JUNEAU, Alaska (AP) – A government watchdog found no evidence of bias in how the U.S. Environmental Protection Agency conducted a study on the potential effects of large-scale mining on a world-class salmon fishery in Alaska’s Bristol Bay region.
The inspector general for the EPA also concluded in a report released Wednesday that the agency did not predetermine the study’s outcome. The state of Alaska and the owner of the proposed Pebble Mine, Northern Dynasty Minerals Ltd., were among those who asked for an investigation.
The EPA, petitioned by Alaska Native tribes and others to protect Bristol Bay, launched the study of the watershed in 2011. It concluded that large-scale mining threatened one of the world’s most productive salmon fisheries and posed risks to Alaska Native cultures that rely on fish.
The study was the basis for an agency proposal to restrict and potentially block development of what it says could be one of the largest open-pit copper mines in the world.
While the inspector general’s report found no bias, it determined that a now-retired EPA employee in Alaska used his personal email in 2010 to suggest edits to a tribal petition. That petition requested that the agency take action under the federal Clean Water Act to protect the Bristol Bay region.
An attorney for the tribes sent the document to the employee before it was submitted to the EPA, but it was unclear whether he reviewed it in a personal or official capacity, according to the report. It found no proof of anything illegal but that the worker may have misused his position.
The inspector general was not able to review all of the employee’s work emails, noting that the EPA said more than two years’ worth of messages were missing, and didn’t have access to his personal account. The employee’s supervisor said he didn’t know about the worker’s actions but they seemed inappropriate.

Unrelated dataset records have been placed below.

(* Let $C$ be a binary linear constant weight code of dimension at least $2$. Then $\mathrm{PAut}(C)$ has a subgroup isomorphic to $S_3$.
   Context: A binary linear constant weight code of weight $w$ is an $\mathbb{F}_2$-subspace of $\mathbb{F}_2^n$ all of whose non-zero vectors have exactly $w$ coordinates equal to $1$. $S_n$ acts on $\mathbb{F}_2^n$ by $\sigma(v_1,\dots,v_n)=(v_{\sigma^{-1}(1)},\dots,v_{\sigma^{-1}(n)})$, and $\mathrm{PAut}(C)=\{\sigma\in S_n:\sigma(C)=C\}$. *)

theory Defs
  imports "HOL-Analysis.Analysis" "HOL-Library.Z2" "HOL-Algebra.Sym_Groups" "HOL-Algebra.Bij"
begin

text \<open>Vectors of \<open>F_2^n\<close> are \<open>bit ^ 'n\<close> with a finite index type \<open>'n\<close> (\<open>n = CARD('n)\<close>).\<close>

definition hweight :: "bit ^ 'n::finite \<Rightarrow> nat" where
  "hweight v = card {i. v $ i = 1}"

definition lin_const_weight_code :: "nat \<Rightarrow> (bit ^ 'n::finite) set \<Rightarrow> bool" where
  "lin_const_weight_code w C \<longleftrightarrow> vec.subspace C \<and> (\<forall>v\<in>C. v \<noteq> 0 \<longrightarrow> hweight v = w)"

definition perm_act :: "('n::finite \<Rightarrow> 'n) \<Rightarrow> bit ^ 'n \<Rightarrow> bit ^ 'n" where
  "perm_act \<sigma> v = (\<chi> i. v $ (inv_into UNIV \<sigma> i))"

definition PAut :: "(bit ^ 'n::finite) set \<Rightarrow> ('n \<Rightarrow> 'n) set" where
  "PAut C = {\<sigma>. \<sigma> permutes (UNIV :: 'n set) \<and> perm_act \<sigma> ` C = C}"

definition PAut_group :: "(bit ^ 'n::finite) set \<Rightarrow> ('n \<Rightarrow> 'n) monoid" where
  "PAut_group C = (BijGroup (UNIV :: 'n set)) \<lparr>carrier := PAut C\<rparr>"

end

theory Submission
  imports Defs
begin

text \<open>
  Call the restriction to \<open>C\<close> of the \<open>i\<close>-th coordinate functional the column of \<open>i\<close>.
  Double counting the weights of the codewords on which a nonzero functional \<open>f\<close> of \<open>C\<close>
  takes the value \<open>1\<close> shows that, in a constant weight code, the number of coordinates with
  column \<open>f\<close> is the same for every nonzero \<open>f\<close>. A linear automorphism \<open>A\<close> of \<open>C\<close> permutes
  the nonzero functionals by \<open>f \<mapsto> f \<circ> A\<close>, so it is induced by a coordinate permutation; numbering
  the coordinates inside each column class makes the choice of this permutation multiplicative.
  Finally two independent codewords \<open>u, v\<close> with dual functionals \<open>\<alpha>, \<beta>\<close> split \<open>C\<close> as the
  plane spanned by \<open>u, v\<close> plus \<open>ker \<alpha> \<inter> ker \<beta>\<close>, and \<open>S\<^sub>3 = GL(2, 2)\<close>, acting on the
  plane and trivially on the complement, embeds into the linear automorphisms of \<open>C\<close>.
\<close>

instance bit :: finite
proof
  have "(UNIV :: bit set) = {0, 1}"
    using bit_not_zero_iff by blast
  then show "finite (UNIV :: bit set)" by (metis finite.emptyI finite.insertI)
qed
lemma uncountable_condensation_points:
  fixes A :: "'a::second_countable_topology set"
  assumes "uncountable A"
  shows "uncountable (A \<inter> condensation_points A)"
proof
  assume "countable (A \<inter> condensation_points A)"
  then have "countable ((A \<inter> condensation_points A) \<union> (A - condensation_points A))"
    using countable_diff_condensation_points by blast
  then show False
    using assms by (metis Int_Diff_Un)
qed

lemma condensation_point_ball:
  "x \<in> condensation_points A \<Longrightarrow> 0 < e \<Longrightarrow> uncountable (A \<inter> ball x e)"
  by (simp add: condensation_points_def)

lemma continuous_on_funpow:
  fixes f :: "'a::topological_space \<Rightarrow> 'a"
  assumes "continuous_on UNIV f"
  shows "continuous_on UNIV (f ^^ n)"
proof (induction n)
  case (Suc n)
  then show ?case
    by (simp add: continuous_on_compose2[OF assms])
qed (simp add: continuous_on_id)

definition orbit_separated :: "('a::metric_space \<Rightarrow> 'a) \<Rightarrow> real \<Rightarrow> 'a \<Rightarrow> 'a \<Rightarrow> bool" where
  "orbit_separated f \<delta> y z \<longleftrightarrow> (\<exists>n. \<delta> < dist ((f ^^ n) y) ((f ^^ n) z))"

lemma orbit_separated_commute: "orbit_separated f \<delta> y z \<longleftrightarrow> orbit_separated f \<delta> z y"
  by (simp add: orbit_separated_def dist_commute)

lemma scrambled_set_pairwise_orbit_separated:
  assumes "scrambled_set f \<delta> S"
  shows "pairwise (orbit_separated f \<delta>) S"
proof (rule pairwiseI, rule ccontr)
  fix y z assume "y \<in> S" "z \<in> S" "y \<noteq> z" "\<not> orbit_separated f \<delta> y z"
  then have "limsup (\<lambda>n. ereal (dist ((f ^^ n) y) ((f ^^ n) z))) \<le> ereal \<delta>"
    by (intro Limsup_bounded) (auto simp: orbit_separated_def not_less)
  with assms \<open>y \<in> S\<close> \<open>z \<in> S\<close> \<open>y \<noteq> z\<close> show False
    unfolding scrambled_set_def by (meson leD)
qed

lemma orbit_separated_nhds:
  assumes "continuous_on UNIV f" "orbit_separated f \<delta> y z"
  obtains d where "0 < d" "\<And>y' z'. y' \<in> ball y d \<Longrightarrow> z' \<in> ball z d \<Longrightarrow> orbit_separated f \<delta> y' z'"
proof -
  obtain n where n: "\<delta> < dist ((f ^^ n) y) ((f ^^ n) z)"
    using assms(2) by (auto simp: orbit_separated_def)
  define \<eta> where "\<eta> = (dist ((f ^^ n) y) ((f ^^ n) z) - \<delta>) / 2"
  have "0 < \<eta>"
    using n by (simp add: \<eta>_def)
  have "continuous_on UNIV (f ^^ n)"
    using assms(1) by (rule continuous_on_funpow)
  then obtain dy dz where
    "0 < dy" and dy: "\<And>y'. dist y' y < dy \<Longrightarrow> dist ((f ^^ n) y') ((f ^^ n) y) < \<eta>"
    and "0 < dz" and dz: "\<And>z'. dist z' z < dz \<Longrightarrow> dist ((f ^^ n) z') ((f ^^ n) z) < \<eta>"
    using \<open>0 < \<eta>\<close> unfolding continuous_on_iff by (metis UNIV_I)
  then show ?thesis
  proof (intro that[of "min dy dz"])
    fix y' z' assume "y' \<in> ball y (min dy dz)" "z' \<in> ball z (min dy dz)"
    then have "dist ((f ^^ n) y') ((f ^^ n) y) < \<eta>" "dist ((f ^^ n) z') ((f ^^ n) z) < \<eta>"
      using dy[of y'] dz[of z'] by (simp_all add: dist_commute)
    moreover have "dist ((f ^^ n) y) ((f ^^ n) z) \<le> dist ((f ^^ n) y') ((f ^^ n) y)
        + dist ((f ^^ n) y') ((f ^^ n) z') + dist ((f ^^ n) z') ((f ^^ n) z)"
      using dist_triangle3[of "(f ^^ n) y" "(f ^^ n) z" "(f ^^ n) y'"]
        dist_triangle[of "(f ^^ n) y'" "(f ^^ n) z" "(f ^^ n) z'"] by linarith
    ultimately have "\<delta> < dist ((f ^^ n) y') ((f ^^ n) z')"
      using \<eta>_def by simp
    then show "orbit_separated f \<delta> y' z'"
      unfolding orbit_separated_def by blast
  qed simp
qed

lemma closed_dyn_ball:
  assumes "continuous_on UNIV f"
  shows "closed (dyn_ball f \<epsilon> x)"
proof -
  have "dyn_ball f \<epsilon> x = (\<Inter>i. {y. dist ((f ^^ i) y) ((f ^^ i) x) \<le> \<epsilon>})"
    unfolding dyn_ball_def by auto
  then show ?thesis
    by (auto intro!: closed_Collect_le continuous_on_dist continuous_on_funpow[OF assms])
qed

lemma not_orbit_separated_dyn_ball:
  assumes "y \<in> dyn_ball f \<epsilon> x" "z \<in> dyn_ball f \<epsilon> x"
  shows "\<not> orbit_separated f (2 * \<epsilon>) y z"
proof
  assume "orbit_separated f (2 * \<epsilon>) y z"
  then obtain n where "2 * \<epsilon> < dist ((f ^^ n) y) ((f ^^ n) z)"
    by (auto simp: orbit_separated_def)
  moreover have "dist ((f ^^ n) y) ((f ^^ n) x) \<le> \<epsilon>" "dist ((f ^^ n) z) ((f ^^ n) x) \<le> \<epsilon>"
    using assms by (auto simp: dyn_ball_def)
  ultimately show False
    using dist_triangle2[of "(f ^^ n) y" "(f ^^ n) z" "(f ^^ n) x"] by linarith
qed

lemma two_condensation_points:
  fixes A :: "'a::second_countable_topology set"
  assumes "uncountable A"
  obtains x y where "x \<in> A" "y \<in> A" "x \<noteq> y" "x \<in> condensation_points A" "y \<in> condensation_points A"
proof -
  let ?C = "A \<inter> condensation_points A"
  have "infinite ?C"
    using uncountable_condensation_points[OF assms] countable_finite by blast
  then obtain x where "x \<in> ?C"
    using infinite_imp_nonempty by blast
  moreover have "infinite (?C - {x})"
    using \<open>infinite ?C\<close> by simp
  then obtain y where "y \<in> ?C - {x}"
    using infinite_imp_nonempty by blast
  ultimately show thesis
    using that by blast
qed

lemma cball_subset_cball_of_dist:
  fixes p q :: "'a::metric_space"
  assumes "dist p q + \<rho> \<le> r"
  shows "cball q \<rho> \<subseteq> cball p r"
proof
  fix x assume "x \<in> cball q \<rho>"
  then show "x \<in> cball p r"
    using assms dist_triangle[of p x q] by simp
qed

lemma uncountable_Int_ball_imp_pos: "uncountable (S \<inter> ball p r) \<Longrightarrow> 0 < r"
  by (rule ccontr) (simp add: ball_empty)

lemma small_cballs_in_cball:
  fixes p q1 q2 :: "'a::metric_space"
  assumes "q1 \<in> ball p r" "q2 \<in> ball p r" "0 < d"
  obtains \<rho> where "0 < \<rho>" "\<rho> < d" "2 * \<rho> \<le> r" "cball q1 \<rho> \<subseteq> cball p r" "cball q2 \<rho> \<subseteq> cball p r"
proof -
  define m where "m = max (dist p q1) (dist p q2)"
  define \<rho> where "\<rho> = min (d / 2) ((r - m) / 2)"
  have "m < r"
    using assms by (auto simp: m_def)
  then have "0 < \<rho>" "2 * \<rho> \<le> d" "2 * \<rho> \<le> r - m"
    using \<open>0 < d\<close> by (auto simp: \<rho>_def min_def)
  moreover have "dist p q1 \<le> m" "dist p q2 \<le> m" "0 \<le> m"
    by (simp_all add: m_def le_max_iff_disj)
  ultimately show thesis
    by (intro that[of \<rho>] cball_subset_cball_of_dist) linarith+
qed

lemma uncountable_ball_split:
  fixes f :: "'a::{metric_space, second_countable_topology} \<Rightarrow> 'a"
  assumes "continuous_on UNIV f"
    and "pairwise (orbit_separated f \<delta>) S"
    and "uncountable (S \<inter> ball p r)"
  obtains q1 q2 \<rho> where "0 < \<rho>" "2 * \<rho> \<le> r" "cball q1 \<rho> \<subseteq> cball p r" "cball q2 \<rho> \<subseteq> cball p r"
    "uncountable (S \<inter> ball q1 \<rho>)" "uncountable (S \<inter> ball q2 \<rho>)"
    "\<And>y z. y \<in> cball q1 \<rho> \<Longrightarrow> z \<in> cball q2 \<rho> \<Longrightarrow> orbit_separated f \<delta> y z"
proof -
  let ?A = "S \<inter> ball p r"
  obtain q1 q2 where q: "q1 \<in> ?A" "q2 \<in> ?A" "q1 \<noteq> q2"
    and cond: "q1 \<in> condensation_points ?A" "q2 \<in> condensation_points ?A"
    using two_condensation_points[OF assms(3)] by blast
  then have "orbit_separated f \<delta> q1 q2"
    using assms(2) by (auto dest: pairwiseD)
  then obtain d where "0 < d" and d: "\<And>y z. y \<in> ball q1 d \<Longrightarrow> z \<in> ball q2 d \<Longrightarrow> orbit_separated f \<delta> y z"
    using orbit_separated_nhds[OF assms(1)] by blast
  obtain \<rho> where \<rho>: "0 < \<rho>" "\<rho> < d" "2 * \<rho> \<le> r" "cball q1 \<rho> \<subseteq> cball p r" "cball q2 \<rho> \<subseteq> cball p r"
    using small_cballs_in_cball[of q1 p r q2 d] q \<open>0 < d\<close> by blast
  show thesis
  proof (rule that[OF \<rho>(1,3,4,5)])
    have "?A \<inter> ball q \<rho> \<subseteq> S \<inter> ball q \<rho>" for q
      by blast
    then show "uncountable (S \<inter> ball q1 \<rho>)" "uncountable (S \<inter> ball q2 \<rho>)"
      using condensation_point_ball[OF cond(1) \<open>0 < \<rho>\<close>] condensation_point_ball[OF cond(2) \<open>0 < \<rho>\<close>]
      by (metis countable_subset)+
    show "orbit_separated f \<delta> y z" if "y \<in> cball q1 \<rho>" "z \<in> cball q2 \<rho>" for y z
      using that \<rho>(2) by (intro d) auto
  qed
qed

definition dyadic_index :: "nat \<Rightarrow> real \<Rightarrow> nat" where
  "dyadic_index n t = nat \<lfloor>2 ^ n * t\<rfloor>"

lemma dyadic_index_Suc_div_2: "dyadic_index (Suc n) t div 2 = dyadic_index n t"
proof -
  have "\<lfloor>2 ^ n * t\<rfloor> = \<lfloor>2 ^ Suc n * t / real_of_int 2\<rfloor>"
    by simp
  also have "\<dots> = \<lfloor>2 ^ Suc n * t\<rfloor> div 2"
    by (rule floor_divide_real_eq_div) simp
  finally show ?thesis
    unfolding dyadic_index_def by (simp add: nat_div_distrib')
qed

lemma dyadic_index_less: "0 \<le> t \<Longrightarrow> t < 1 \<Longrightarrow> dyadic_index n t < 2 ^ n"
  unfolding dyadic_index_def by (simp add: nat_less_iff floor_less_iff)

lemma ex_dyadic_index_neq:
  assumes "0 \<le> s" "0 \<le> t" "s \<noteq> t"
  shows "\<exists>n. dyadic_index n s \<noteq> dyadic_index n t"
proof -
  obtain n where "(1 / 2) ^ n < \<bar>s - t\<bar>"
    using real_arch_pow_inv[of "\<bar>s - t\<bar>" "1 / 2"] assms(3) by auto
  then have "1 < \<bar>s - t\<bar> * 2 ^ n"
    by (simp add: field_simps power_one_over)
  also have "\<bar>s - t\<bar> * 2 ^ n = \<bar>2 ^ n * s - 2 ^ n * t\<bar>"
    by (simp add: abs_mult flip: right_diff_distrib)
  finally have "1 < \<bar>2 ^ n * s - 2 ^ n * t\<bar>" .
  then have "\<lfloor>2 ^ n * s\<rfloor> \<noteq> \<lfloor>2 ^ n * t\<rfloor>"
    by linarith
  with assms show ?thesis
    by (auto simp: dyadic_index_def eq_nat_nat_iff)
qed

lemma measurable_dyadic_index [measurable]: "dyadic_index n \<in> borel \<rightarrow>\<^sub>M count_space UNIV"
  unfolding dyadic_index_def by measurable

definition tree_point :: "(nat \<Rightarrow> nat \<Rightarrow> 'a::metric_space) \<Rightarrow> real \<Rightarrow> 'a" where
  "tree_point c t = lim (\<lambda>n. c n (dyadic_index n t))"

definition separated_levels :: "(nat \<Rightarrow> nat \<Rightarrow> 'a::metric_space) \<Rightarrow> (nat \<Rightarrow> nat \<Rightarrow> real) \<Rightarrow> ('a \<Rightarrow> 'a \<Rightarrow> bool) \<Rightarrow> bool" where
  "separated_levels c r P \<longleftrightarrow> (\<forall>n k k'. k < 2 ^ n \<longrightarrow> k' < 2 ^ n \<longrightarrow> k \<noteq> k' \<longrightarrow>
     (\<forall>y\<in>cball (c n k) (r n k). \<forall>z\<in>cball (c n k') (r n k'). P y z))"

text \<open>Ball \<open>k\<close> of level \<open>n\<close> has centre \<open>c n k\<close> and radius \<open>r n k\<close>; its children are the balls
  \<open>2k\<close> and \<open>2k+1\<close> of level \<open>n+1\<close>, so \<open>t\<close> lies below ball \<open>dyadic_index n t\<close> at every level.\<close>

locale dyadic_ball_tree =
  fixes c :: "nat \<Rightarrow> nat \<Rightarrow> 'a::complete_space" and r :: "nat \<Rightarrow> nat \<Rightarrow> real" and R :: real
  assumes radius_nonneg: "0 \<le> r n k"
    and radius_le: "r n k \<le> R / 2 ^ n"
    and cball_nested: "cball (c (Suc n) k) (r (Suc n) k) \<subseteq> cball (c n (k div 2)) (r n (k div 2))"
begin

abbreviation node :: "nat \<Rightarrow> real \<Rightarrow> 'a set" where
  "node n t \<equiv> cball (c n (dyadic_index n t)) (r n (dyadic_index n t))"

lemma node_antimono: "m \<le> n \<Longrightarrow> node n t \<subseteq> node m t"
proof (induction rule: dec_induct)
  case (step n)
  then show ?case
    using cball_nested[of n "dyadic_index (Suc n) t"] by (simp add: dyadic_index_Suc_div_2)
qed simp

lemma center_in_node: "m \<le> n \<Longrightarrow> c n (dyadic_index n t) \<in> node m t"
  using node_antimono[of m n t] centre_in_cball radius_nonneg by blast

EPA regional administrator Dennis McLerran said the employee was not a decision maker in the case, and regardless, thousands of people were concerned about the effect of mining in Bristol Bay, prompting additional scientific review. The inspector general report shows the study was done with integrity and followed proper procedures, McLerran said.
Tom Collier, CEO of the Pebble Limited Partnership, the group working to advance the mine, called on Congress to continue its oversight of the EPA’s actions and said the group is not through arguing that the agency acted inappropriately “and perhaps illegally.”
He said Pebble showed the inspector general “incontrovertible evidence” that the EPA had reached final decisions before doing scientific study and manipulated the scientific process.
The partnership said in a statement that Collier was concerned that the inspector general could whitewash its investigation, so the group commissioned a study by former U.S. Defense Secretary William Cohen. Cohen concluded that the fairest route would have been to follow a permit application and environmental review process.
Pebble Limited Partnership sued over the study, alleging that the EPA was in cahoots with anti-mine activists. A federal judge ordered the agency to stop work on potential mine restrictions pending the outcome of the lawsuit, which has not been resolved.
The partnership has called the deposit one of the largest of its kind, with the potential of producing 80.6 billion pounds of copper, 107.4 million ounces of gold and 5.6 billion pounds of molybdenum over decades.
The inspector general report said it reviewed the processes used by the EPA to conduct its watershed study, poring over about 8,400 emails sent or received between Jan. 1, 2008, and May 18, 2012, for three current or former EPA employees. It also interviewed EPA staff and managers, Pebble’s CEO, attorneys for the state, and tribal representatives, among others.
McLerran of the EPA called the inspector general’s review independent and extensive.